Thirdly, we need to look at how we improve professionals’ training in patient experience. I want to highlight a brilliant example from my own constituency that I hope the Minister will look into. Under a joint Macmillan and De Montfort university partnership project, people training to be nurses, pharmacists and NHS managers get training from Macmillan in patient experience and how to talk to and support patients. In return, those students volunteer for Macmillan in the community in order to increase awareness about cancer, particularly among black and minority ethnic groups—Leicester is a very diverse city. That is something to think about. Has the Minister spoken to Health Education England and the royal colleges about how to improve training in patient experience for professionals, and will she speak to Ministers in the Department for Business, Innovation and Skills to see what other universities could do to learn from the fantastic work at De Montfort?
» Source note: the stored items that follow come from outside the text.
section \<open>Nonnegative symmetric fixed points of the two-scale relation\<close>

locale two_scale_fixpoint =
  fixes n :: nat and v :: "int \<Rightarrow> real"
  assumes n_ge_1: "n \<ge> 1"
    and nonneg: "0 \<le> v i"
    and vanishes: "2 * int n - 2 < \<bar>i\<bar> \<Longrightarrow> v i = 0"
    and symmetric: "v (- i) = v i"
    and fixpoint: "two_scale n v j = v j"
    and nonzero: "v \<noteq> (\<lambda>_. 0)"
begin

lemma increment_neg:
  assumes "j < 0"
  shows "v (j + 1) - v j = v (2 * j + 2 * int n) / (2 * real n - 1) + v (2 * j + 2 * int n + 1) / (2 * real n)"
proof -
  have "v (2 * j - 2 * int n + 2) = 0" "v (2 * j - 2 * int n + 1) = 0"
    using assms n_ge_1 by (auto intro!: vanishes)
  then show ?thesis
    using two_scale_increment[OF n_ge_1, of v j] by (simp add: fixpoint)
qed

lemma weighted_nonneg: "0 \<le> v i / (2 * real n - 1)" "0 \<le> v i / (2 * real n)"
  using nonneg n_ge_1 by simp_all

lemma increment_neg_nonneg:
  assumes "j < 0"
  shows "v j \<le> v (j + 1)"
  using increment_neg[OF assms] weighted_nonneg[of "2 * j + 2 * int n"]
    weighted_nonneg[of "2 * j + 2 * int n + 1"] by linarith

lemma mono_nonpos:
  assumes "i \<le> j" and "j \<le> 0"
  shows "v i \<le> v j"
proof -
  have step: "v (- int (Suc m)) \<le> v (- int m)" for m
    using increment_neg_nonneg[of "- int (Suc m)"] by simp
  have "v (- int m') \<le> v (- int m)" if "m \<le> m'" for m m'
    using lift_Suc_antimono_le[of "\<lambda>m. v (- int m)", OF step that] .
  from this[of "nat (- j)" "nat (- i)"] assms show ?thesis
    by simp
qed

lemma antimono_abs:
  assumes "\<bar>i\<bar> \<le> \<bar>j\<bar>"
  shows "v j \<le> v i"
proof -
  have "v i = v (- \<bar>i\<bar>)" "v j = v (- \<bar>j\<bar>)"
    by (simp_all add: abs_if symmetric)
  with assms show ?thesis
    by (simp add: mono_nonpos)
qed
lemma alternating_choose_sum_Vsharp:
  assumes "1 \<le> k'" "k' \<le> m"
  shows "(\<Sum>k=k'..m. (-1) ^ k * real ((2 * m - 1) choose (m - k)) * Vsharp k k' (replicate j 1) / oddnum k)
       = (-1) ^ k' * real ((2 * m - 1) choose (m - k')) / oddnum m ^ Suc j"
proof (induction j)
  case 0
  have "(\<Sum>k=k'..m. (-1) ^ k * real ((2 * m - 1) choose (m - k)) * Vsharp k k' [] / oddnum k)
      = (\<Sum>k=k'..m. (-1) ^ k * real ((2 * m - 1) choose (m - k)) * 2 ^ tri k k') / oddnum k'"
    unfolding sum_divide_distrib by (rule sum.cong) (simp_all add: Vsharp_Nil_le)
  then show ?case
    using alternating_choose_sum_two_pow_tri[OF assms] by simp
next
  case (Suc j)
  let ?C = "\<lambda>k. real ((2 * m - 1) choose (m - k))"
  let ?V = "\<lambda>l. Vsharp l k' (replicate j 1)"
  have "(\<Sum>k=k'..m. (-1) ^ k * ?C k * Vsharp k k' (replicate (Suc j) 1) / oddnum k)
      = (\<Sum>k=k'..m. \<Sum>l=k'..k. ?V l / oddnum l ^ 2 * ((-1) ^ k * ?C k * 2 ^ tri k l))"
  proof (rule sum.cong)
    fix k assume "k \<in> {k'..m}"
    then show "(-1) ^ k * ?C k * Vsharp k k' (replicate (Suc j) 1) / oddnum k
        = (\<Sum>l=k'..k. ?V l / oddnum l ^ 2 * ((-1) ^ k * ?C k * 2 ^ tri k l))"
      by (simp add: Vsharp_Cons sum_distrib_left sum_divide_distrib power2_eq_square field_simps)
  qed simp
  also have "\<dots> = (\<Sum>l=k'..m. ?V l / oddnum l ^ 2 * (\<Sum>k=l..m. (-1) ^ k * ?C k * 2 ^ tri k l))"
    by (simp add: sum_triangle_swap sum_distrib_left)
  also have "\<dots> = (\<Sum>l=k'..m. (-1) ^ l * ?C l * ?V l / oddnum l) / oddnum m"
    unfolding sum_divide_distrib
  proof (rule sum.cong)
    fix l assume "l \<in> {k'..m}"
    then have "1 \<le> l" "l \<le> m"
      using assms by auto
    then show "?V l / oddnum l ^ 2 * (\<Sum>k=l..m. (-1) ^ k * ?C k * 2 ^ tri k l)
        = (-1) ^ l * ?C l * ?V l / oddnum l / oddnum m"
      unfolding alternating_choose_sum_two_pow_tri[OF \<open>1 \<le> l\<close> \<open>l \<le> m\<close>]
      by (simp add: power2_eq_square)
  qed simp
  also have "\<dots> = (-1) ^ k' * ?C k' / oddnum m ^ Suc (Suc j)"
    unfolding Suc.IH by simp
  finally show ?case .
qed

lemma Ecoef_expansion_of_one:
  assumes "1 \<le> p"
  shows "(\<Sum>k=1..p. Ecoef p k * (-4 * (-1) ^ k / oddnum k)) = 1"
proof -
  define h :: "nat \<Rightarrow> real" where "h q = (if q = 1 then 4 else 0)" for q
  have "(\<Sum>k=1..p. Ecoef p k * (-4 * (-1) ^ k / oddnum k)) = (\<Sum>q=1..p. Ecoef q 1 * h q / oddnum q ^ 2)"
  proof (rule Ecoef_expansion)
    fix q :: nat assume "1 \<le> q"
    have "(\<Sum>k=1..q. real ((2 * q - 1) choose (q - k)) * (-4 * (-1) ^ k / oddnum k) * oddnum k ^ 2)
        = -4 * (\<Sum>k=1..q. (-1) ^ k * real ((2 * q - 1) choose (q - k)) * oddnum k)"
      unfolding sum_distrib_left by (rule sum.cong) (simp_all add: power2_eq_square)
    also have "\<dots> = real ((2 * q - 1) choose (q - 1)) * h q"
    proof (cases "q = 1")
      case False
      with \<open>1 \<le> q\<close> have "2 \<le> q"
        by simp
      with False show ?thesis
        unfolding alternating_choose_sum_oddnum[OF \<open>2 \<le> q\<close>] by (simp add: h_def)
    qed (simp add: h_def oddnum_def)
    finally show "(\<Sum>k=1..q. real ((2 * q - 1) choose (q - k)) * (-4 * (-1) ^ k / oddnum k) * oddnum k ^ 2)
        = real ((2 * q - 1) choose (q - 1)) * h q" .
  qed simp
  also have "\<dots> = (\<Sum>q=1..p. if q = 1 then 4 * Ecoef 1 1 else 0)"
    by (rule sum.cong) (simp_all add: h_def oddnum_def)
  also have "\<dots> = 1"
    using assms by (simp add: Ecoef_def rho_def)
  finally show ?thesis .
qed

lemma Ecoef_expansion_inverse:
  assumes "1 \<le> k'"
  shows "(\<Sum>q=k'..p. Ecoef q k' / oddnum q) = oddnum k' * (\<Sum>k=k'..p. Ecoef p k * (Vsharp k k' [] / oddnum k ^ 2))"
proof -
  have "(\<Sum>k=k'..p. Ecoef p k * (Vsharp k k' [] / oddnum k ^ 2)) = (\<Sum>q=k'..p. Ecoef q k' * (oddnum q / oddnum k') / oddnum q ^ 2)"
  proof (rule Ecoef_expansion[OF assms])
    fix q assume "k' \<le> q"
    have "(\<Sum>k=k'..q. real ((2 * q - 1) choose (q - k)) * (Vsharp k k' [] / oddnum k ^ 2) * oddnum k ^ 2)
        = (\<Sum>k=k'..q. real ((2 * q - 1) choose (q - k)) * Vsharp k k' [])"
      by (rule sum.cong) simp_all
    then show "(\<Sum>k=k'..q. real ((2 * q - 1) choose (q - k)) * (Vsharp k k' [] / oddnum k ^ 2) * oddnum k ^ 2)
        = real ((2 * q - 1) choose (q - k')) * (oddnum q / oddnum k')"
      unfolding choose_sum_Vsharp_Nil[OF assms \<open>k' \<le> q\<close>] by simp
  qed
  also have "\<dots> = (\<Sum>q=k'..p. Ecoef q k' / oddnum q) / oddnum k'"
    unfolding sum_divide_distrib by (rule sum.cong) (simp_all add: power2_eq_square)
  finally show ?thesis
    by simp
qed

lemma Ecoef_expansion_inverse_power:
  assumes "1 \<le> k'"
  shows "(-1) ^ k' * (\<Sum>q=k'..p. Ecoef q k' / oddnum q ^ (j + 3))
       = (\<Sum>k=k'..p. Ecoef p k * ((-1) ^ k * Vsharp k k' (replicate j 1) / oddnum k ^ 3))"
proof -
  have "(\<Sum>k=k'..p. Ecoef p k * ((-1) ^ k * Vsharp k k' (replicate j 1) / oddnum k ^ 3))
      = (\<Sum>q=k'..p. Ecoef q k' * ((-1) ^ k' / oddnum q ^ Suc j) / oddnum q ^ 2)"
  proof (rule Ecoef_expansion[OF assms])
    fix q assume "k' \<le> q"
    have "(\<Sum>k=k'..q. real ((2 * q - 1) choose (q - k)) * ((-1) ^ k * Vsharp k k' (replicate j 1) / oddnum k ^ 3) * oddnum k ^ 2)
        = (\<Sum>k=k'..q. (-1) ^ k * real ((2 * q - 1) choose (q - k)) * Vsharp k k' (replicate j 1) / oddnum k)"
      by (rule sum.cong) (simp_all add: power2_eq_square power3_eq_cube)
    then show "(\<Sum>k=k'..q. real ((2 * q - 1) choose (q - k)) * ((-1) ^ k * Vsharp k k' (replicate j 1) / oddnum k ^ 3) * oddnum k ^ 2)
        = real ((2 * q - 1) choose (q - k')) * ((-1) ^ k' / oddnum q ^ Suc j)"
      unfolding alternating_choose_sum_Vsharp[OF assms \<open>k' \<le> q\<close>] by simp
  qed
  also have "\<dots> = (-1) ^ k' * (\<Sum>q=k'..p. Ecoef q k' / oddnum q ^ (j + 3))"
    unfolding sum_distrib_left by (rule sum.cong) (simp_all add: power2_eq_square power_add power3_eq_cube field_simps)
  finally show ?thesis
    by simp
qed

section \<open>The factors of the closed form\<close>

(* The factor of index i of the theorem is chain_factor c_i c_(i+1) z_i k_(i-1) k_i;
   its numerator factor_num does not depend on z_i. *)
definition factor_num :: "nat \<Rightarrow> nat \<Rightarrow> nat \<Rightarrow> nat \<Rightarrow> real" where
  "factor_num cp cn kp k = (-1) ^ (k * (delta cp + delta cn)) * oddnum k powi (int (delta cp + delta cn) - 1)
     * Vsharp kp k (replicate (cp - 3) 1)"
text \<open>Compare the proximal objective at p with its value at p + t (y - p) and let t tend to 0.\<close>
lemma prox_residual_is_subgradient:
  fixes U :: "'a::euclidean_space \<Rightarrow> real"
  assumes cvx: "convex_on UNIV U" and lip: "M-lipschitz_on UNIV U" and lam: "0 < lam"
  shows "is_subgradient U (prox lam U x) ((x - prox lam U x) /\<^sub>R lam)"
  unfolding is_subgradient_def
proof
  fix y
  define p where "p = prox lam U x"
  have "U p \<le> U y - ((x - p) \<bullet> (y - p)) / lam + t * ((norm (y - p))\<^sup>2 / (2 * lam))"
    if t: "0 < t" "t \<le> 1" for t
  proof -
    define z where "z = (1 - t) *\<^sub>R p + t *\<^sub>R y"
    have "x - z = (x - p) - t *\<^sub>R (y - p)"
      by (simp add: z_def algebra_simps)
    then have "(norm (x - z))\<^sup>2 = (norm (x - p))\<^sup>2 - 2 * t * ((x - p) \<bullet> (y - p)) + t\<^sup>2 * (norm (y - p))\<^sup>2"
      by (simp only: power2_norm_diff_scaleR)
    then have "(norm (x - z))\<^sup>2 / (2 * lam)
        = (norm (x - p))\<^sup>2 / (2 * lam) - t * (((x - p) \<bullet> (y - p)) / lam) + t * (t * ((norm (y - p))\<^sup>2 / (2 * lam)))"
      using lam by (simp add: power2_eq_square field_simps)
    moreover have "U z \<le> (1 - t) * U p + t * U y"
      using t by (simp add: z_def convex_onD[OF cvx])
    moreover have "U p + (norm (x - p))\<^sup>2 / (2 * lam) \<le> U z + (norm (x - z))\<^sup>2 / (2 * lam)"
      unfolding p_def by (rule prox_minimises[OF lip lam])
    ultimately have "t * U p \<le> t * U y - t * (((x - p) \<bullet> (y - p)) / lam) + t * (t * ((norm (y - p))\<^sup>2 / (2 * lam)))"
      by (simp add: algebra_simps)
    then have "t * U p \<le> t * (U y - ((x - p) \<bullet> (y - p)) / lam + t * ((norm (y - p))\<^sup>2 / (2 * lam)))"
      by (simp add: algebra_simps)
    then show ?thesis
      using t by simp
  qed
  then have "U p \<le> U y - ((x - p) \<bullet> (y - p)) / lam"
    by (rule le_of_le_add_mult_small)
  then show "U p + ((x - p) /\<^sub>R lam) \<bullet> (y - p) \<le> U y"
    by (simp add: divide_inverse mult.commute)
qed
definition lattice_complete :: "(real^'n) set \<Rightarrow> bool" where
  "lattice_complete K \<longleftrightarrow> convex_body K \<and>
     (\<forall>K'. convex_body K' \<and> K \<subset> K' \<longrightarrow> lattice_diam K' \<noteq> lattice_diam K)"

definition simplex_S :: "(real^'n) set" where
  "simplex_S = convex hull (insert (- (\<chi> i. 1)) (range (\<lambda>i. axis i 1)))"

end

theory Submission
  imports Defs
begin

text \<open>
  Write \<open>\<lambda>\<^sub>0, \<dots>, \<lambda>\<^sub>d\<close> for the barycentric coordinates with respect to the vertices
  \<open>v\<^sub>0 = -1, v\<^sub>i = e\<^sub>i\<close> of \<open>S\<^sub>d\<close>.

  Reduced: an integer functional \<open>y \<noteq> 0\<close> takes integer values on the vertices which sum to \<open>0\<close>
  (as \<open>\<Sum> v\<^sub>j = 0\<close>) and are not all \<open>0\<close>, so its width on \<open>S\<^sub>d\<close> is at least \<open>2\<close>.  A proper convex
  subbody misses a vertex, and then its width in some direction \<open>e\<^sub>i\<close> is below \<open>2\<close>, since
  \<open>x\<^sub>i = \<lambda>\<^sub>i - \<lambda>\<^sub>0\<close> reaches \<open>\<plusminus>1\<close> only at \<open>e\<^sub>i\<close> and \<open>-1\<close>.

  Complete: moving along a lattice vector \<open>g \<noteq> 0\<close> changes \<open>\<lambda>\<close> by \<open>W / (d + 1)\<close>, where
  \<open>W \<in> \<int>\<^sup>d\<^sup>+\<^sup>1\<close> is nonzero, has zero sum and entries congruent modulo \<open>d + 1\<close>; such a vector has
  negative part of total mass at least \<open>d\<close>.  Hence a chord \<open>[a, a + c g]\<close> of \<open>S\<^sub>d\<close> has
  \<open>c d \<le> d + 1\<close>, i.e. the lattice diameter is at most \<open>(d + 1) / d\<close>.  Conversely, a convex body
  \<open>K \<supset> S\<^sub>d\<close> contains a point beyond some facet, so it contains \<open>-\<tau> v\<^sub>j\<close> for some \<open>\<tau> > 1 / d\<close>,
  and the segment from there to \<open>v\<^sub>j\<close> has lattice length \<open>1 + \<tau> > (d + 1) / d\<close>.
\<close>

section \<open>Lattice segments and their lattice length\<close>

lemma int_vec_diff: "int_vec x \<Longrightarrow> int_vec y \<Longrightarrow> int_vec (x - y)"
  unfolding int_vec_def by (simp add: Ints_diff)

lemma int_vec_of_int_scaleR: "int_vec x \<Longrightarrow> int_vec (of_int k *\<^sub>R x)"
  unfolding int_vec_def by simp

lemma int_vec_axis: "int_vec (axis i 1 :: real^'n)"
  unfolding int_vec_def axis_def by simp

lemma norm_ge_1_if_int_vec:
  assumes "int_vec (g :: real^'n)" "g \<noteq> 0"
  shows "1 \<le> norm g"
proof -
  obtain i where "g $ i \<noteq> 0"
    using assms(2) by (auto simp: vec_eq_iff)
  with assms(1) have "1 \<le> \<bar>g $ i\<bar>"
    unfolding int_vec_def by (intro Ints_nonzero_abs_ge1) auto
  then show ?thesis
    using component_le_norm_cart[of g i] by linarith
qed
lemma integral_log_mgf_factor:
  assumes "\<theta> \<le> 0"
  shows "(LBINT u:{0<..<1}. log_mgf_factor \<theta> u)
    = (\<Sum>j=1..m. \<integral>y. bit_density j y * ln (1 + exp (\<theta> / real m * \<bar>llr m mu S p j y\<bar>)) \<partial>lborel) / real m
      - ln 2"
proof -
  interpret real_distribution llr_mixture
    by (rule real_distribution_llr_mixture)
  define g where "g t = ln (1 + exp (\<theta> / real m * \<bar>t\<bar>))" for t
  have [measurable]: "g \<in> borel_measurable borel"
    unfolding g_def by measurable
  have g_bounds: "0 \<le> g t" "g t \<le> ln 2" for t
  proof -
    have "\<theta> / real m * \<bar>t\<bar> \<le> 0"
      using assms by (intro mult_nonpos_nonneg divide_nonpos_nonneg) simp_all
    then show "0 \<le> g t" "g t \<le> ln 2"
      unfolding g_def by (rule ln_one_plus_exp_bounds)+
  qed
  then have "integrable llr_mixture g"
    by (intro integrable_const_bound[where B="ln 2"]) simp_all
  have "(LBINT u:{0<..<1}. log_mgf_factor \<theta> u) = (LBINT u:{0<..<1}. g (Psibar_inv u) - ln 2)"
    by (rule set_lebesgue_integral_cong) (simp_all add: log_mgf_factor_eq g_def)
  also have "\<dots> = (\<integral>x. g x - ln 2 \<partial>llr_mixture)"
    by (rule integral_cdf_inv[symmetric])
       (simp_all add: real_distribution_llr_mixture cdf_llr_mixture Psibar_neg Psibar_bij)
  also have "\<dots> = (\<integral>x. g x \<partial>llr_mixture) - (\<integral>x. ln 2 \<partial>llr_mixture)"
    using \<open>integrable llr_mixture g\<close> by (intro Bochner_Integration.integral_diff) simp_all
  also have "(\<integral>x. ln 2 \<partial>llr_mixture) = (ln 2 :: real)"
    using prob_space by simp
  also have "(\<integral>x. g x \<partial>llr_mixture) = (\<Sum>j=1..m. \<integral>y. bit_density j y * g \<bar>llr m mu S p j y\<bar> \<partial>lborel) / real m"
    using g_bounds by (intro integral_llr_mixture) simp_all
  finally show ?thesis
    by (simp add: g_def)
qed

lemma cond_mgf_limit:
  assumes \<theta>: "\<theta> \<le> 0"
  shows "(\<lambda>N. ln (cond_mgf \<theta> N) / real N) \<longlonglongrightarrow>
    (\<Sum>j=1..m. \<integral>y. bit_density j y * ln (1 + exp (\<theta> / real m * \<bar>llr m mu S p j y\<bar>)) \<partial>lborel)
      - real m * ln 2"
proof -
  have "\<bar>log_mgf_factor \<theta> u\<bar> \<le> ln 2" if "u \<in> {0<..<1}" for u
    using ln_one_plus_exp_bounds[of "\<theta> / real m * \<bar>Psibar_inv u\<bar>"] \<theta>
    by (simp add: log_mgf_factor_eq[OF that] mult_nonpos_nonneg divide_nonpos_nonneg)
  with log_mgf_factor_antimono[OF \<theta>]
  have "(\<lambda>M. (\<Sum>k=1..M. log_mgf_factor \<theta> (real k / (real M + 1))) / real M)
      \<longlonglongrightarrow> (LBINT u:{0<..<1}. log_mgf_factor \<theta> u)"
    by (rule antimono_riemann_sum_tendsto)
  from LIMSEQ_subseq_LIMSEQ[OF this, of "\<lambda>N. N * m"]
  have lim: "(\<lambda>N. real m * ((\<Sum>k=1..N * m. log_mgf_factor \<theta> (real k / (real (N * m) + 1))) / real (N * m)))
      \<longlonglongrightarrow> real m * (LBINT u:{0<..<1}. log_mgf_factor \<theta> u)"
    using m by (intro tendsto_mult_left) (simp_all add: strict_mono_def comp_def)
  have seq_eq: "real m * ((\<Sum>k=1..N * m. log_mgf_factor \<theta> (real k / (real (N * m) + 1))) / real (N * m))
      = ln (cond_mgf \<theta> N) / real N" for N
    using m by (simp add: ln_cond_mgf mult.commute)
  show ?thesis
    using lim m unfolding seq_eq integral_log_mgf_factor[OF \<theta>] by (simp add: right_diff_distrib)
qed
To conclude, Members on both sides of the House want to see big improvements in cancer care. The new system in the NHS is confusing. Both as MPs and as people with families and friends, we want the right people held to account so that they take the right action, but it is not yet clear how that accountability will work. For me, that was at the heart of the all-party group’s report. The Minister might not be able to respond to all the many questions she has been asked in this debate, but if she cannot, I hope she will write to me about the specific issues I have raised. This is about improving patient experience and early diagnosis and ensuring that CCGs are held to account. We as MPs must hold them to account on behalf of our constituents.